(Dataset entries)
◆ ◆ ◆ ◆ ◆ ◆ ◆
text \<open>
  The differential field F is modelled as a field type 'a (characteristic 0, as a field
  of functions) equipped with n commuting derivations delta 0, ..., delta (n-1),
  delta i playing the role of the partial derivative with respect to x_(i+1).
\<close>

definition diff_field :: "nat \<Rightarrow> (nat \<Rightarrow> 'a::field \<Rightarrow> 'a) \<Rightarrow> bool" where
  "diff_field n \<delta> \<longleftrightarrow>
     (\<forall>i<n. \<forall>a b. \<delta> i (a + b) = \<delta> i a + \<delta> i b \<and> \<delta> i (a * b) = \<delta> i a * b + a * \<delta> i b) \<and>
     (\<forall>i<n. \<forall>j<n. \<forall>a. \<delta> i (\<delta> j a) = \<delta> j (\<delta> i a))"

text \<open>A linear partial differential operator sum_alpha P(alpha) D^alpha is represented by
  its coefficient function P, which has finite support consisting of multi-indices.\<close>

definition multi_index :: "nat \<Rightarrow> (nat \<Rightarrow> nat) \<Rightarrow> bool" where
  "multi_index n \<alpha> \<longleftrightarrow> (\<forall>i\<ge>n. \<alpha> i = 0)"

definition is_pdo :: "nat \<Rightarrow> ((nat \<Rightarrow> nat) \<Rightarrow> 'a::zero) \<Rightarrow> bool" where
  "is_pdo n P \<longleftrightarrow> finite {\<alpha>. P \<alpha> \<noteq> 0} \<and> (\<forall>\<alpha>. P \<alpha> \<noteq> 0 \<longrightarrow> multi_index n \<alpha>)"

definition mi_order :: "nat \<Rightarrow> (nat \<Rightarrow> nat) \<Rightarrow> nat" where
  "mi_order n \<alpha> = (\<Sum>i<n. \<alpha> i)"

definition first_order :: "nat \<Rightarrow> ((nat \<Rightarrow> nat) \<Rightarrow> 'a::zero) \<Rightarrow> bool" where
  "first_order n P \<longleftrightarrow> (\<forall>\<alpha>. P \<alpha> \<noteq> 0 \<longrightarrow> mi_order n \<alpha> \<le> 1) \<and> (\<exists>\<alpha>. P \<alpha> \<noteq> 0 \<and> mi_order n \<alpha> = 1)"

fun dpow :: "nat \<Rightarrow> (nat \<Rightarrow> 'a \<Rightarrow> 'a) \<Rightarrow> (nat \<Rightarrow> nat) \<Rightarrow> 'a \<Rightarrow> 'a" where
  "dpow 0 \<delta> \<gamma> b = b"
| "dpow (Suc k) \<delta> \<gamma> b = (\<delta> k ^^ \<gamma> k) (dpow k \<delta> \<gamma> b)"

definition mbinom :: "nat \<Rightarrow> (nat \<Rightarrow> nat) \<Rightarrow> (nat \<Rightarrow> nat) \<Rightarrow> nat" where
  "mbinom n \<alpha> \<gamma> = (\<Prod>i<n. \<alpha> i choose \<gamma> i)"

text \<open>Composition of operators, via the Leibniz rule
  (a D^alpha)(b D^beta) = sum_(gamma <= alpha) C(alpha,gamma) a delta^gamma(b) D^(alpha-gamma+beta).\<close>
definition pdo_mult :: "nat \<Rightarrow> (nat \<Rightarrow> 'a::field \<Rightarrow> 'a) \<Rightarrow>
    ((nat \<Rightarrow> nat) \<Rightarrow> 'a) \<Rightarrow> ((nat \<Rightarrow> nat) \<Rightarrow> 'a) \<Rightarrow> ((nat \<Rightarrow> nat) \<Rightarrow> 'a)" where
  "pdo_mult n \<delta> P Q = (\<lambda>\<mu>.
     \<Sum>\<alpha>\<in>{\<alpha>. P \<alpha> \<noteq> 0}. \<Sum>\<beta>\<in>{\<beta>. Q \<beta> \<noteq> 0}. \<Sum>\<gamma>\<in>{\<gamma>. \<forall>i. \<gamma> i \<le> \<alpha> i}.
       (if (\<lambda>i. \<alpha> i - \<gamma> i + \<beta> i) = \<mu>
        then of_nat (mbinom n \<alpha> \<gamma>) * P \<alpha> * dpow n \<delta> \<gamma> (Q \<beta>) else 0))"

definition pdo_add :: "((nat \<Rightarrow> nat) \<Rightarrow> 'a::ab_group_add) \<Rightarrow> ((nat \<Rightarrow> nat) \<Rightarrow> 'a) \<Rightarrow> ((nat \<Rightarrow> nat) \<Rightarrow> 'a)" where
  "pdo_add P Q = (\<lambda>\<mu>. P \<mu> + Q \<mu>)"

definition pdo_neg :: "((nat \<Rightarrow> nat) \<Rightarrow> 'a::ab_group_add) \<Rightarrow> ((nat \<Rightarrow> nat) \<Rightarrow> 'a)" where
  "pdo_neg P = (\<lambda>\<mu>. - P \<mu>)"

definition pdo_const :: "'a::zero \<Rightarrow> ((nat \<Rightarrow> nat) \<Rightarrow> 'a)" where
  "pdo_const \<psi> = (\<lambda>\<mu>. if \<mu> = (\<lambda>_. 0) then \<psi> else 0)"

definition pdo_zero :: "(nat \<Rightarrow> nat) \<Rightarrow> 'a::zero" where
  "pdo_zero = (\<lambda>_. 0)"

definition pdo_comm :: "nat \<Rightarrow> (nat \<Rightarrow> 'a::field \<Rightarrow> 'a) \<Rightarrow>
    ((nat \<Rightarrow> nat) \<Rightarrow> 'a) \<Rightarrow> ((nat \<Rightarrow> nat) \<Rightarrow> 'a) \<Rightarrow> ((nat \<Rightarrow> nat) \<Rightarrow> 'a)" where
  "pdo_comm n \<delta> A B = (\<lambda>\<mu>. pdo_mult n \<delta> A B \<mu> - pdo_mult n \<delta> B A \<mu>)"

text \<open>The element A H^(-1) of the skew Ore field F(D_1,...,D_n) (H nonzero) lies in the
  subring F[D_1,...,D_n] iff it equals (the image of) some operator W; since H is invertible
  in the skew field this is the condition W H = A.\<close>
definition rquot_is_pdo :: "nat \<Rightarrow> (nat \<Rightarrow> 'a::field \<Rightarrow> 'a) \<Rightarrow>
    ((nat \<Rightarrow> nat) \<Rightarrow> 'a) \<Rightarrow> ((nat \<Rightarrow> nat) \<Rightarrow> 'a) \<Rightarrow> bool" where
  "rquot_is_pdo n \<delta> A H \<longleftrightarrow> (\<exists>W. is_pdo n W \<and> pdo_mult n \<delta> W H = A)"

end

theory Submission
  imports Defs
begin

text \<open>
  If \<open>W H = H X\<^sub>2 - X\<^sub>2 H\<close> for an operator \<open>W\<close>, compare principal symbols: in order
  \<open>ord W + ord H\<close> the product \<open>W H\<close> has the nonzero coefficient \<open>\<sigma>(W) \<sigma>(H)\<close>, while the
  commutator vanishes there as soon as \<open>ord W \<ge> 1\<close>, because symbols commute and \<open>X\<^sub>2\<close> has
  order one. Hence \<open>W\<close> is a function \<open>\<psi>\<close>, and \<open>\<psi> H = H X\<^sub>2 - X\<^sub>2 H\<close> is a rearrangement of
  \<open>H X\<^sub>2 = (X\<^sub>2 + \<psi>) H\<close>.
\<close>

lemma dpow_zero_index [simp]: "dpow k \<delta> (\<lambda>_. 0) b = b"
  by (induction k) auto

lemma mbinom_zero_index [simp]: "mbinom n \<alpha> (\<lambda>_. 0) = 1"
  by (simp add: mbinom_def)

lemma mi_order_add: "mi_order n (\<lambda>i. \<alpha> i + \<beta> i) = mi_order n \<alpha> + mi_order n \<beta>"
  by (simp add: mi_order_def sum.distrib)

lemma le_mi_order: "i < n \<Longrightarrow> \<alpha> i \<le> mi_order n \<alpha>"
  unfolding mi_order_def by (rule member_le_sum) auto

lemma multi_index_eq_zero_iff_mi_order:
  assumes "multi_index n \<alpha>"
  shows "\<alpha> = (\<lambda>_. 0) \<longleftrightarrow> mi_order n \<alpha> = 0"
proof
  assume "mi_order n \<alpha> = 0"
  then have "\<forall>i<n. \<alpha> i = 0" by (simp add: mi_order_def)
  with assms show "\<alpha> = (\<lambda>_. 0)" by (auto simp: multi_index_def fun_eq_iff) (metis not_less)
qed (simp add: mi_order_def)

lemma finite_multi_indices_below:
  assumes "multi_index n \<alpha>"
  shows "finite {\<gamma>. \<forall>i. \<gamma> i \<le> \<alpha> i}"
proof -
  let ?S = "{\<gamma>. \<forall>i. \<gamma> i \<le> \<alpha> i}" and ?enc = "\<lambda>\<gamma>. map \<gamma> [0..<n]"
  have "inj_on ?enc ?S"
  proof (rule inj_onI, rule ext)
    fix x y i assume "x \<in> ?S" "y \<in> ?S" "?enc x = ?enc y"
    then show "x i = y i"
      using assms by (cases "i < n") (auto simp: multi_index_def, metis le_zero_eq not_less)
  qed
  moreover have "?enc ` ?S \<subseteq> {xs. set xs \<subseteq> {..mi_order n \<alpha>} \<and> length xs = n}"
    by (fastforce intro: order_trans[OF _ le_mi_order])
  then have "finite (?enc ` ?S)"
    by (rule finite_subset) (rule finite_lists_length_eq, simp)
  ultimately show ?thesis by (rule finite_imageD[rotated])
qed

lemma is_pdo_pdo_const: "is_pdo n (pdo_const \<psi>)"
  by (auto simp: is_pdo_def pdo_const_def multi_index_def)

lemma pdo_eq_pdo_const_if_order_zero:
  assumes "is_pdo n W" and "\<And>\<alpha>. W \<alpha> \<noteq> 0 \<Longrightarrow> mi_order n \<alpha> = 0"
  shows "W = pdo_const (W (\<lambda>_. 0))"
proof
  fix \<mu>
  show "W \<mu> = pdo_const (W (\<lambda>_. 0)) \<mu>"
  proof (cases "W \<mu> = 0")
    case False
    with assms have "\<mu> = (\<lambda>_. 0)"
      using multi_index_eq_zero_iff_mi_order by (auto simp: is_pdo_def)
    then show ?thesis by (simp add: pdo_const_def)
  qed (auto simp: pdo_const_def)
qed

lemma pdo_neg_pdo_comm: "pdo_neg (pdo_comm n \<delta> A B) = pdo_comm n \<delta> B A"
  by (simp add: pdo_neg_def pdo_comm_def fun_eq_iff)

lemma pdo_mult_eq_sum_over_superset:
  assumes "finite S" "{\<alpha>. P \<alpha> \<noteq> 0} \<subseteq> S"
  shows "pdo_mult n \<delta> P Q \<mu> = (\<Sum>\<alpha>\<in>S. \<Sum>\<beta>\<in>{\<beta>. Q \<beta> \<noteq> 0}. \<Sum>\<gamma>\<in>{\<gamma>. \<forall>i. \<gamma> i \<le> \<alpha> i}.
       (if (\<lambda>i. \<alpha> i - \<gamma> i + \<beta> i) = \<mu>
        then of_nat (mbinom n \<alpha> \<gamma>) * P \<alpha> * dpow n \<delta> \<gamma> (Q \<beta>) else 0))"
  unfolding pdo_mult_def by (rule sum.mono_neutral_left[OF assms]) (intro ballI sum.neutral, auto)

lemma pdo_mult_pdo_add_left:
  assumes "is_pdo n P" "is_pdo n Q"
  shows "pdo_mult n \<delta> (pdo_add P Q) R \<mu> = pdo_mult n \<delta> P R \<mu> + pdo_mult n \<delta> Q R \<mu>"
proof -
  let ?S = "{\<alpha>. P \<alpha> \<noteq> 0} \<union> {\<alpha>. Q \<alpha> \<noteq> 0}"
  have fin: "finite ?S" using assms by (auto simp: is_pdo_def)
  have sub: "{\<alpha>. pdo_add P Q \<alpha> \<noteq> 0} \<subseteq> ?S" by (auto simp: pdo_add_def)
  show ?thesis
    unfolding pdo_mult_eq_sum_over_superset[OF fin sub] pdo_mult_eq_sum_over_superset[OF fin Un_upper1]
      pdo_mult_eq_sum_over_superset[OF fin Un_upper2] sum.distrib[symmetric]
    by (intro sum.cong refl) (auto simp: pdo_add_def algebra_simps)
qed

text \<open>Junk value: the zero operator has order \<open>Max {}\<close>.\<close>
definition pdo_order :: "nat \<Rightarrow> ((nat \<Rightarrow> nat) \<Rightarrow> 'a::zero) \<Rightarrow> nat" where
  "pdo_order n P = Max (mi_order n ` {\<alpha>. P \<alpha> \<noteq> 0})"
◆ ◆ ◆ ◆ ◆ ◆ ◆
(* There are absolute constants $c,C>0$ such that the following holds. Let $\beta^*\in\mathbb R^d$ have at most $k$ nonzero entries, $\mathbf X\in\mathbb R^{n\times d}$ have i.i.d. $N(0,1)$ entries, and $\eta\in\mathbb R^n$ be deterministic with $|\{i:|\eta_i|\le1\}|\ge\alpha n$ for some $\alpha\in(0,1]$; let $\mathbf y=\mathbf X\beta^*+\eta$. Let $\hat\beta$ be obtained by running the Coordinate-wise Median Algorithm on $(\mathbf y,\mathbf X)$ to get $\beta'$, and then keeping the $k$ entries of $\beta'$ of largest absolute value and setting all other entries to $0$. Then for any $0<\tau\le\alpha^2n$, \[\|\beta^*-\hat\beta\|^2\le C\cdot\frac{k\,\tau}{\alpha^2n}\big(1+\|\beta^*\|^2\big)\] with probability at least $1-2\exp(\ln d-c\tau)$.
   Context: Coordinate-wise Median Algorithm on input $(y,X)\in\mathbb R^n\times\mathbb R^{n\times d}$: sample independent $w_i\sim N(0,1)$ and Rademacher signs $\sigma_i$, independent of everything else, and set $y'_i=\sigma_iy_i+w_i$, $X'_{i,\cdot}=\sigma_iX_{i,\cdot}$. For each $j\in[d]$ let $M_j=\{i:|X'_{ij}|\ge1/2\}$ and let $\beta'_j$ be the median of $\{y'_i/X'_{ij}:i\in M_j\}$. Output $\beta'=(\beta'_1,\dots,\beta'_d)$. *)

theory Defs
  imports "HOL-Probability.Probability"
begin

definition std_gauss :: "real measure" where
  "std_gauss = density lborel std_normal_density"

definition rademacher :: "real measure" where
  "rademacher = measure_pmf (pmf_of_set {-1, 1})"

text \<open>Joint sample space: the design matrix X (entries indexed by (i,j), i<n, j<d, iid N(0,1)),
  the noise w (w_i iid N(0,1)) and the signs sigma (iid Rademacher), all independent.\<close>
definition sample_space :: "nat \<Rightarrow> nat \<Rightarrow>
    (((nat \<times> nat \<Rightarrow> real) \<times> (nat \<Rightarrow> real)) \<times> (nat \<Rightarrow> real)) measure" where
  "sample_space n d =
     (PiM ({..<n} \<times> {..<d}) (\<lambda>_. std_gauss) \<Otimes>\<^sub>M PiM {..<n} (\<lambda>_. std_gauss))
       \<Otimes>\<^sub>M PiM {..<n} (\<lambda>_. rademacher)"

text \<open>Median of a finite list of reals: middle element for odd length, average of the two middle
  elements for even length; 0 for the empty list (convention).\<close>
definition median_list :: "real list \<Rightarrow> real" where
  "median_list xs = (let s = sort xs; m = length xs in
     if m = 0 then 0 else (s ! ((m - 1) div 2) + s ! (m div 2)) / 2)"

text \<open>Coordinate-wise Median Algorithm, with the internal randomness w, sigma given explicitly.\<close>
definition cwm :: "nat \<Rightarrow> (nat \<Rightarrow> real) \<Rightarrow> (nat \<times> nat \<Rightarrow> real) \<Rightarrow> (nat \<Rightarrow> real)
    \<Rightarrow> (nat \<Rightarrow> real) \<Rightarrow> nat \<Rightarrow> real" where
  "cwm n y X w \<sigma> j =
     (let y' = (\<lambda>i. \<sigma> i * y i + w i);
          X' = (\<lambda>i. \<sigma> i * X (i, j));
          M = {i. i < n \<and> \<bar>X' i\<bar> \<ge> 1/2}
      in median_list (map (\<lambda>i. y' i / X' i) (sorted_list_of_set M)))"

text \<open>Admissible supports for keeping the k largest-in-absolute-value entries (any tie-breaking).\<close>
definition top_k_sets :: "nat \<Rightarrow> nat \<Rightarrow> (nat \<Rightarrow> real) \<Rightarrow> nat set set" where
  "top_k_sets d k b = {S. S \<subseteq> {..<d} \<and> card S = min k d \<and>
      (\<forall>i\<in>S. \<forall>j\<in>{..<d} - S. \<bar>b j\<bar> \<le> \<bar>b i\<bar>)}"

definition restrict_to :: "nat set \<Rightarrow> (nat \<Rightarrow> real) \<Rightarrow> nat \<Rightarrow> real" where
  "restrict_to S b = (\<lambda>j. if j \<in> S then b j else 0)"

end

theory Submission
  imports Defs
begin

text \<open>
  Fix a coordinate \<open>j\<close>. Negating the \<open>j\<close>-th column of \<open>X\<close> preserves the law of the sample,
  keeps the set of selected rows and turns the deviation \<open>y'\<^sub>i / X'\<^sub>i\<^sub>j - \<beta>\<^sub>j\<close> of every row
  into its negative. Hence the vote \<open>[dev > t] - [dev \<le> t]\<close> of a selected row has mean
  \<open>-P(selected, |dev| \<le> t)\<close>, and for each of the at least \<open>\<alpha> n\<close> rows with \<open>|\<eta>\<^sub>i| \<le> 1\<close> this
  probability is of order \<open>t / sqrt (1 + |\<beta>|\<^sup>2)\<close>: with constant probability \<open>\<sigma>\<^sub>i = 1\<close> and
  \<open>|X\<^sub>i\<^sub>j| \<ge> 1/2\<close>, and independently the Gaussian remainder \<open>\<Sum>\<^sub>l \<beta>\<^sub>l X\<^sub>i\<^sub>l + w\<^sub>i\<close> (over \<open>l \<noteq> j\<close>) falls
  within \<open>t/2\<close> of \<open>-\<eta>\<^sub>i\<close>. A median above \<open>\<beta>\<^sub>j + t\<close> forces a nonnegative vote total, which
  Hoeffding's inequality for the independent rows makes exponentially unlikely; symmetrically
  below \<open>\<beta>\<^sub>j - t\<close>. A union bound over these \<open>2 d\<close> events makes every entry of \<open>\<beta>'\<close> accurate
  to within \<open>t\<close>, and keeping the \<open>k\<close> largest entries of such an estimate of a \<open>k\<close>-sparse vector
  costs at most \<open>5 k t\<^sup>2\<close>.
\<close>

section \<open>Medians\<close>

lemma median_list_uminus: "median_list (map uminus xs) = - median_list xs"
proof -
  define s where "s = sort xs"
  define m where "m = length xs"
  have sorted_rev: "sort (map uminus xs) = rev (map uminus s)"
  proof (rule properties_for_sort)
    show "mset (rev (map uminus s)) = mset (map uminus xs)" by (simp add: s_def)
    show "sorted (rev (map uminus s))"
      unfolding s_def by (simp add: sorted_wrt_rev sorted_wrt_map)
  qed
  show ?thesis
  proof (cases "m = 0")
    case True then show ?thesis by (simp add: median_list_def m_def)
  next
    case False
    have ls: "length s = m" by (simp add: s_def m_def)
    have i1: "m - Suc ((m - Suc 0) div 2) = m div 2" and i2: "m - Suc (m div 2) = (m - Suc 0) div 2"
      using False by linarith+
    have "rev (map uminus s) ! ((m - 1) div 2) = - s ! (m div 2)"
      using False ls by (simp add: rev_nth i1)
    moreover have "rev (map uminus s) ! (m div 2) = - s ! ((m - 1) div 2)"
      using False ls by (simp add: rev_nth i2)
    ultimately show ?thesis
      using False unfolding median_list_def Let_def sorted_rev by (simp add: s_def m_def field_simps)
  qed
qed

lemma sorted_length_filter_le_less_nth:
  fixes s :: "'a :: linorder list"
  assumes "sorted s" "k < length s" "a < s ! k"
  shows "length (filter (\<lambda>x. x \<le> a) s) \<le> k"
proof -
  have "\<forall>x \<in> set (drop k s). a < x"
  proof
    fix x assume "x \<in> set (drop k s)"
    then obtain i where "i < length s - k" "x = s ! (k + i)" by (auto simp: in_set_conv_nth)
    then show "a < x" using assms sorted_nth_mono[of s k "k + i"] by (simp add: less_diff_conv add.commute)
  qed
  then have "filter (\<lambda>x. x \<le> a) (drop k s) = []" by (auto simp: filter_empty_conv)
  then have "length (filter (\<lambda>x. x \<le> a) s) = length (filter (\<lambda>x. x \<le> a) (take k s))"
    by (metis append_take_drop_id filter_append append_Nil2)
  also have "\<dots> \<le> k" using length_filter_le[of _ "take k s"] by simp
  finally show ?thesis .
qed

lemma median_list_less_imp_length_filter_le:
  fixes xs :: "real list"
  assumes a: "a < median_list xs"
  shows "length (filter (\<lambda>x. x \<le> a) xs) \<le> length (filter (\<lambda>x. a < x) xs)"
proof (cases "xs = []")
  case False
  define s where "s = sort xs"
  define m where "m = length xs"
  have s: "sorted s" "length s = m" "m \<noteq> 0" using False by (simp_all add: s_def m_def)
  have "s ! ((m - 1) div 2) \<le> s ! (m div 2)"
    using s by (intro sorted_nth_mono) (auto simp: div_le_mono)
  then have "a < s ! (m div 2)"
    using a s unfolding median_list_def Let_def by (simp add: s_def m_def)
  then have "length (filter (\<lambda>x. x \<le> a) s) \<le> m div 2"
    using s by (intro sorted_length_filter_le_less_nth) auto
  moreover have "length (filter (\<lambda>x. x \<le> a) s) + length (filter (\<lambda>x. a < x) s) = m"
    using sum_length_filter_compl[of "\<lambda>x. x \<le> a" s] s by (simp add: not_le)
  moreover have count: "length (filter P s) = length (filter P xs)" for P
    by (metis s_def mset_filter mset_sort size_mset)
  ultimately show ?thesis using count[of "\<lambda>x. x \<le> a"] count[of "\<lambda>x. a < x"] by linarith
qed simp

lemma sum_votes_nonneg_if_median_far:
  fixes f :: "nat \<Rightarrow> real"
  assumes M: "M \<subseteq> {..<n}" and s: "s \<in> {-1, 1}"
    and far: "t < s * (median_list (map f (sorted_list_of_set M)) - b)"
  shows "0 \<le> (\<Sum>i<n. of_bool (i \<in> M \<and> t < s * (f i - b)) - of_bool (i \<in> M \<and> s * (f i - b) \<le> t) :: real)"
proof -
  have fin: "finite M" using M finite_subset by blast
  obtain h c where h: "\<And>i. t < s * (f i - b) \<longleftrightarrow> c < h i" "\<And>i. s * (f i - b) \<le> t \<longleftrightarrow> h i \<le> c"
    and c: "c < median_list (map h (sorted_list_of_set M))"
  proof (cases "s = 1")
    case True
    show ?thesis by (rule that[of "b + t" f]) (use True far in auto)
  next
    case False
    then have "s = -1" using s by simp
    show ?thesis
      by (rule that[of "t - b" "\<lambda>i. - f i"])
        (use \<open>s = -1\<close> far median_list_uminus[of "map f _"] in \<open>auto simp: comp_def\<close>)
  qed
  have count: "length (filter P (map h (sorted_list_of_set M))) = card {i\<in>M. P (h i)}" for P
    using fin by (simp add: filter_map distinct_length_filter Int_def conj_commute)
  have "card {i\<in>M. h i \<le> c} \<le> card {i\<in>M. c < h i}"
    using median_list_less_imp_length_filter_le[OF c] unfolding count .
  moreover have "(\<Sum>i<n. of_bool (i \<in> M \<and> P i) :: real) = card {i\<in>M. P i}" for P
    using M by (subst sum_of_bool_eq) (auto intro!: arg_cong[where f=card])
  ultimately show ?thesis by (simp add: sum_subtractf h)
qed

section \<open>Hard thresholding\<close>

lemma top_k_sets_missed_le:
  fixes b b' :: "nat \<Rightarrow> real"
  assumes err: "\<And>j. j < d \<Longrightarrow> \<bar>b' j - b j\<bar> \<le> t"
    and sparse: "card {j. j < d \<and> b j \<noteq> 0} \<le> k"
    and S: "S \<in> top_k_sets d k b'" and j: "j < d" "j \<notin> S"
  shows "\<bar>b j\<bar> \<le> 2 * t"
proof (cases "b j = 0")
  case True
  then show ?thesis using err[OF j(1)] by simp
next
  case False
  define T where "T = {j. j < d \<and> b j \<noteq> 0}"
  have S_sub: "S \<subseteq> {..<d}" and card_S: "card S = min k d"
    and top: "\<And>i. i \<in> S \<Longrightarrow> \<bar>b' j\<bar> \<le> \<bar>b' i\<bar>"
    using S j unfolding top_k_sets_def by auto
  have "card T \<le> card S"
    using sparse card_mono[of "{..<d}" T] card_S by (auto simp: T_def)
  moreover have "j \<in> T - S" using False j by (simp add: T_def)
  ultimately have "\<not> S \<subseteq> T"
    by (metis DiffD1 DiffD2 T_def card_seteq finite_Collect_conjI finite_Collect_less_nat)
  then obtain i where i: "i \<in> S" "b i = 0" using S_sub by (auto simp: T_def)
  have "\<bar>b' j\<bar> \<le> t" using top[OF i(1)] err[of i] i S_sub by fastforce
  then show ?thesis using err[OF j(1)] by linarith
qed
◆ ◆ ◆ ◆ ◆ ◆ ◆
From the entries above, write out only the lines starting at the line that holds "n \<delta> (pdo_add" and ending at the line that holds "Max (mi_order n", keeping both and matching them exactly.

THE COMPLETED TASK
  shows "pdo_mult n \<delta> (pdo_add P Q) R \<mu> = pdo_mult n \<delta> P R \<mu> + pdo_mult n \<delta> Q R \<mu>"
proof -
  let ?S = "{\<alpha>. P \<alpha> \<noteq> 0} \<union> {\<alpha>. Q \<alpha> \<noteq> 0}"
  have fin: "finite ?S" using assms by (auto simp: is_pdo_def)
  have sub: "{\<alpha>. pdo_add P Q \<alpha> \<noteq> 0} \<subseteq> ?S" by (auto simp: pdo_add_def)
  show ?thesis
    unfolding pdo_mult_eq_sum_over_superset[OF fin sub] pdo_mult_eq_sum_over_superset[OF fin Un_upper1]
      pdo_mult_eq_sum_over_superset[OF fin Un_upper2] sum.distrib[symmetric]
    by (intro sum.cong refl) (auto simp: pdo_add_def algebra_simps)
qed

text \<open>Junk value: the zero operator has order \<open>Max {}\<close>.\<close>
definition pdo_order :: "nat \<Rightarrow> ((nat \<Rightarrow> nat) \<Rightarrow> 'a::zero) \<Rightarrow> nat" where
  "pdo_order n P = Max (mi_order n ` {\<alpha>. P \<alpha> \<noteq> 0})"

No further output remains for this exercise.